At Distil Networks, we process server logs – lots of logs – and as an intern, I get to do the grunt work -- pretty much exclusively grunt work. So naturally, after my first several weeks of writing test cases, these two realities collided. Processing server logs in real time to detect bots presents a whole host of technical challenges and is an interesting problem for anybody who has the privilege to work at Internet scale. After topping off my test-framework with a module that validates our SSL certificates, verifies our https functionality, and scared the bejesus out of the founders, I got to evaluate an alternative option to our current background processing system (Microsoft Azure, if you’re curious).

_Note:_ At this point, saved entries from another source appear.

lemma flat_dominated_imp_cover_flattable:
  assumes "finite L" "reflp le" "transp le"
    and "\<forall>l\<in>L. partial_monotone le (m l)"
    and "flat_dominated le m L x0"
  shows "cover_flattable le (m ` L) x0"
proof -
  obtain ws where ws: "set ws \<subseteq> lists L"
    and dominated: "\<And>w y. w \<in> lists L \<Longrightarrow> fire (map m w) x0 = Some y \<Longrightarrow>
      \<exists>w' y'. in_flat_lang ws w' \<and> fire (map m w') x0 = Some y' \<and> le y y'"
    using assms(5) by (auto simp: flat_dominated_def)
  define W where "W = {w \<in> lists L. fire (map m w) x0 \<noteq> None \<and> (\<exists>r. in_flat_lang ws (w @ r))}"
  interpret run_tree m L x0 W
    using \<open>finite L\<close> by unfold_locales (auto simp: W_def fire_append split: Option.bind_splits
        intro: in_flat_lang_empty_word)
  have "in_flat_lang (expand ws) w" if "w \<in> W" for w
    using that in_flat_lang_expand_prefix by (auto simp: W_def)
  moreover have "\<exists>w'\<in>W. \<exists>y'. fire (map m w') x0 = Some y' \<and> le y y'"
    if "w \<in> lists L" "fire (map m w) x0 = Some y" for w y
  proof -
    from dominated[OF that] obtain w' y' where
      "in_flat_lang ws w'" "fire (map m w') x0 = Some y'" "le y y'"
      by blast
    moreover have "w' \<in> W"
      using calculation in_flat_lang_lists[OF _ ws] by (auto simp: W_def intro: exI[of _ "[]"])
    ultimately show ?thesis by blast
  qed
  then have "cover le (m ` L) x0 = down le {y. \<exists>w\<in>W. fire (map m w) x0 = Some y}"
    using cover_eq_down_reach[OF assms(2-4) words_lists] by blast
  ultimately show ?thesis
    using cover_flattableI[OF expand_lists[OF ws]] \<open>reflp le\<close> by blast
qed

Since our resident computer scientist had set up a Hadoop cluster a few years ago, it was an obvious choice for further investigation. The current landscape around Hadoop has grown up quite a lot in the last few years and open source tools have been written that solve a lot of the problems our theoretical implementations would have to solve. Hadoop’s core functionality, its distributed file system and map-reduce framework, are ideal technologies for log processing. Large dumps of log files can be easily chopped up into blocks of data and processed by distributed machines, then compressed and written into long term, low cost storage by Hadoop with theoretical ease.
I use the word theoretical because in practice the setup and management of Hadoop is no easy task. It really is grunt work. Fortunately, there are some new free (emphasis) technologies that make the initial cluster setup straightforward and simple. If you use Ambari and Amazon’s EC2 as I did, you can literally get a Hadoop cluster with some slick monitoring up and running in an afternoon. Ambari is a new project in the Apache Software Foundation’s incubator, which aims to provide an open-source framework for the configuration, management, and monitoring of a Hadoop cluster. The first release of Ambari was 10 months ago, so you would not be surprised to hear that there is a catch when I said it is easy to setup.

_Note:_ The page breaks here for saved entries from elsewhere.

(* Let $d$ be a positive integer and let $X=\{X_k:k\in\mathbb{Z}^d\}$ be a centered complex-valued random field with $E|X_k|^2=E|X_0|^2<\infty$ for all $k$, such that $\varrho'(X,n)\to0$ as $n\to\infty$ and $E X_kX_j=EX_{k-j}X_0$ for all $k,j\in\mathbb{Z}^d$. Let $\lambda\in\mathfrak P:=(-\pi,\pi]^d\setminus\{-\pi,0,\pi\}^d$, and let $\{\lambda^{(1,n)}\}_{n=1}^\infty$, $\{\lambda^{(2,n)}\}_{n=1}^\infty$ be two sequences in $(-\pi,\pi]^d$ converging to $\lambda$. If $\{v^{(n)}\}$ is a sequence in $\mathbb{N}^d$ with $\lim_{n\to\infty}\min\{v^{(n)}_1,\dots,v^{(n)}_d\}=\infty$, then \[\lim_{n\to\infty}E\left[\frac{S_n^{(\lambda^{(1,n)})}S_n^{(\lambda^{(2,n)})}}{V^{(n)}}\right]=0.\]
   Context: For $\sigma$-fields $\mathcal A,\mathcal B$, $\varrho(\mathcal A,\mathcal B)=\sup\mathrm{Corr}(f,g)$ over real $f\in L^2(\mathcal A)$, $g\in L^2(\mathcal B)$. $\varrho'(X,n)=\sup_{S,T}\varrho(\sigma(X_k:k\in S),\sigma(X_k:k\in T))$ over finite nonempty $S,T\subset\mathbb{Z}^d$ for which some coordinate $u$ satisfies $|k_u-l_u|\ge n$ for all $k\in S,l\in T$. For $\mu\in(-\pi,\pi]^d$, $X_k^{(\mu)}:=e^{-ik\cdot\mu}X_k$. $\mathfrak B_n:=\{w\in\mathbb{N}^d:1\le w_j\le v^{(n)}_j\}$, $V^{(n)}:=\prod_j v^{(n)}_j$, $S_n^{(\mu)}:=\sum_{k\in\mathfrak B_n}X_k^{(\mu)}$. *)

theory Defs
  imports "HOL-Probability.Probability"
begin

definition sigma_gen :: "'a measure \<Rightarrow> ('i \<Rightarrow> 'a \<Rightarrow> complex) \<Rightarrow> 'i set \<Rightarrow> 'a measure" where
  "sigma_gen M X S = sigma (space M) (\<Union>k\<in>S. {X k -` A \<inter> space M | A. A \<in> sets borel})"

text \<open>Correlation of real random variables (0 if a variance vanishes, by x/0 = 0).\<close>
definition corr :: "'a measure \<Rightarrow> ('a \<Rightarrow> real) \<Rightarrow> ('a \<Rightarrow> real) \<Rightarrow> real" where
  "corr M f g =
     ((\<integral>x. f x * g x \<partial>M) - (\<integral>x. f x \<partial>M) * (\<integral>x. g x \<partial>M)) /
     sqrt (((\<integral>x. (f x)\<^sup>2 \<partial>M) - (\<integral>x. f x \<partial>M)\<^sup>2) * ((\<integral>x. (g x)\<^sup>2 \<partial>M) - (\<integral>x. g x \<partial>M)\<^sup>2))"

definition max_corr :: "'a measure \<Rightarrow> 'a measure \<Rightarrow> 'a measure \<Rightarrow> real" where
  "max_corr M A B = Sup {corr M f g | f g.
      f \<in> borel_measurable A \<and> integrable M (\<lambda>x. (f x)\<^sup>2) \<and>
      g \<in> borel_measurable B \<and> integrable M (\<lambda>x. (g x)\<^sup>2)}"

definition rho' :: "'a measure \<Rightarrow> (int^'d \<Rightarrow> 'a \<Rightarrow> complex) \<Rightarrow> nat \<Rightarrow> real" where
  "rho' M X n = Sup {max_corr M (sigma_gen M X S) (sigma_gen M X T) | S T.
      finite S \<and> S \<noteq> {} \<and> finite T \<and> T \<noteq> {} \<and>
      (\<exists>u. \<forall>k\<in>S. \<forall>l\<in>T. \<bar>k$u - l$u\<bar> \<ge> int n)}"

definition kdot :: "int^'d \<Rightarrow> real^'d \<Rightarrow> real" where
  "kdot k \<mu> = (\<Sum>j\<in>UNIV. real_of_int (k$j) * \<mu>$j)"

definition box :: "nat^'d \<Rightarrow> (int^'d) set" where
  "box_def": "box v = {w. \<forall>j. 1 \<le> w$j \<and> w$j \<le> int (v$j)}"

definition partial_sum :: "(int^'d \<Rightarrow> 'a \<Rightarrow> complex) \<Rightarrow> nat^'d \<Rightarrow> real^'d \<Rightarrow> 'a \<Rightarrow> complex" where
  "partial_sum X v \<mu> \<omega> = (\<Sum>k\<in>box v. exp (- \<i> * of_real (kdot k \<mu>)) * X k \<omega>)"

definition vol :: "nat^'d \<Rightarrow> nat" where
  "vol v = (\<Prod>j\<in>UNIV. v$j)"

end

theory Submission
  imports Defs
begin

text \<open>
  Fix a coordinate u with lam_u not in {-pi, 0, pi}. Shifting the box by one step in direction u
  multiplies the cross moment E[S(mu1) S(mu2)] by exp(-i(mu1_u + mu2_u)), by stationarity of
  E X_k X_j, while the partial sums change only by a sum over the symmetric difference of the two
  boxes, which has at most 2V/v_u points. A Bradley-type bound E|sum_{k in F} c_k X_k|^2 <= C |F|
  for |c_k| <= 1 (from rho'(N) <= 1/2, by averaging over sign patterns within the residue classes
  mod N of one coordinate at a time) and Cauchy-Schwarz therefore give
  |exp(-i(mu1_u + mu2_u)) - 1| |E[S(mu1) S(mu2)]| = O(V / sqrt v_u). Along the given sequences the
  first factor tends to |exp(-2i lam_u) - 1| > 0, so the normalized cross moment tends to 0.
\<close>

definition square_integrable :: "'a measure \<Rightarrow> ('a \<Rightarrow> complex) \<Rightarrow> bool" where
  "square_integrable M f \<longleftrightarrow> f \<in> borel_measurable M \<and> integrable M (\<lambda>x. (cmod (f x))\<^sup>2)"

definition second_moment :: "'a measure \<Rightarrow> ('a \<Rightarrow> complex) \<Rightarrow> real" where
  "second_moment M f = (\<integral>x. (cmod (f x))\<^sup>2 \<partial>M)"

lemma integral_abs_mult_le_sqrt:
  fixes f g :: "'a \<Rightarrow> real"
  assumes [measurable]: "f \<in> borel_measurable M" "g \<in> borel_measurable M"
    and f2: "integrable M (\<lambda>x. (f x)\<^sup>2)" and g2: "integrable M (\<lambda>x. (g x)\<^sup>2)"
  shows integrable_mult_if_square_integrable: "integrable M (\<lambda>x. f x * g x)"
    and "(\<integral>x. \<bar>f x * g x\<bar> \<partial>M) \<le> sqrt (\<integral>x. (f x)\<^sup>2 \<partial>M) * sqrt (\<integral>x. (g x)\<^sup>2 \<partial>M)"
proof -
  show fg: "integrable M (\<lambda>x. f x * g x)"
  proof (rule Bochner_Integration.integrable_bound[of _ "\<lambda>x. (f x)\<^sup>2 + (g x)\<^sup>2"])
    show "AE x in M. norm (f x * g x) \<le> norm ((f x)\<^sup>2 + (g x)\<^sup>2)"
    proof (intro AE_I2)
      fix x
      have "2 * \<bar>f x\<bar> * \<bar>g x\<bar> \<le> (f x)\<^sup>2 + (g x)\<^sup>2"
        using sum_squares_bound[of "\<bar>f x\<bar>" "\<bar>g x\<bar>"] by simp
      moreover have "0 \<le> \<bar>f x\<bar> * \<bar>g x\<bar>" by simp
      ultimately have "\<bar>f x\<bar> * \<bar>g x\<bar> \<le> (f x)\<^sup>2 + (g x)\<^sup>2" by linarith
      then show "norm (f x * g x) \<le> norm ((f x)\<^sup>2 + (g x)\<^sup>2)" by (simp add: abs_mult)
    qed
  qed (use f2 g2 in auto)
  have "(\<integral>\<^sup>+x. ennreal \<bar>f x\<bar> * ennreal \<bar>g x\<bar> \<partial>M) = ennreal (\<integral>x. \<bar>f x * g x\<bar> \<partial>M)"
    using nn_integral_eq_integral[of M "\<lambda>x. \<bar>f x * g x\<bar>"] integrable_abs[OF fg]
    by (simp add: abs_mult ennreal_mult)
  then have "ennreal ((\<integral>x. \<bar>f x * g x\<bar> \<partial>M)\<^sup>2) = (\<integral>\<^sup>+x. ennreal \<bar>f x\<bar> * ennreal \<bar>g x\<bar> \<partial>M)\<^sup>2"
    by (simp add: ennreal_power)
  also have "\<dots> \<le> (\<integral>\<^sup>+x. ennreal \<bar>f x\<bar> ^ 2 \<partial>M) * (\<integral>\<^sup>+x. ennreal \<bar>g x\<bar> ^ 2 \<partial>M)"
    by (rule Cauchy_Schwarz_nn_integral) auto
  also have "\<dots> = ennreal ((\<integral>x. (f x)\<^sup>2 \<partial>M) * (\<integral>x. (g x)\<^sup>2 \<partial>M))"
  proof -
    have "(\<integral>\<^sup>+x. ennreal \<bar>h x\<bar> ^ 2 \<partial>M) = ennreal (\<integral>x. (h x)\<^sup>2 \<partial>M)"
      if "integrable M (\<lambda>x. (h x)\<^sup>2)" for h :: "'a \<Rightarrow> real"
      using nn_integral_eq_integral[OF that] by (simp add: ennreal_power)
    then show ?thesis using f2 g2 by (simp add: ennreal_mult)
  qed
  finally have "(\<integral>x. \<bar>f x * g x\<bar> \<partial>M)\<^sup>2 \<le> (\<integral>x. (f x)\<^sup>2 \<partial>M) * (\<integral>x. (g x)\<^sup>2 \<partial>M)"
    by (simp add: ennreal_le_iff)
  then show "(\<integral>x. \<bar>f x * g x\<bar> \<partial>M) \<le> sqrt (\<integral>x. (f x)\<^sup>2 \<partial>M) * sqrt (\<integral>x. (g x)\<^sup>2 \<partial>M)"
    unfolding real_sqrt_mult[symmetric] by (rule real_le_rsqrt)
qed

Like any new piece of software, there are a whole bunch of kinks that still need to be worked out when you start deviating from the initial instructions. The Ambari project is just too young to have worked out all of the details of automating the management of a distributed system and as a result it adds extra complexity when you want to do simple things like restart your cluster. The architecture behind Ambari is incredibly cool when you become so frustrated with it that you end up reading about its design goals. So, it seems clear to me that the contributors to that project have a lot of hard work cut out for them, but then again so do I.
So really that’s no surprise. Looking at the Ambari project and our own in house development, it has become clear to me that for any large software project there is a large amount of high effort low fun work that has to be done before anybody gets to play with the shiny new toy.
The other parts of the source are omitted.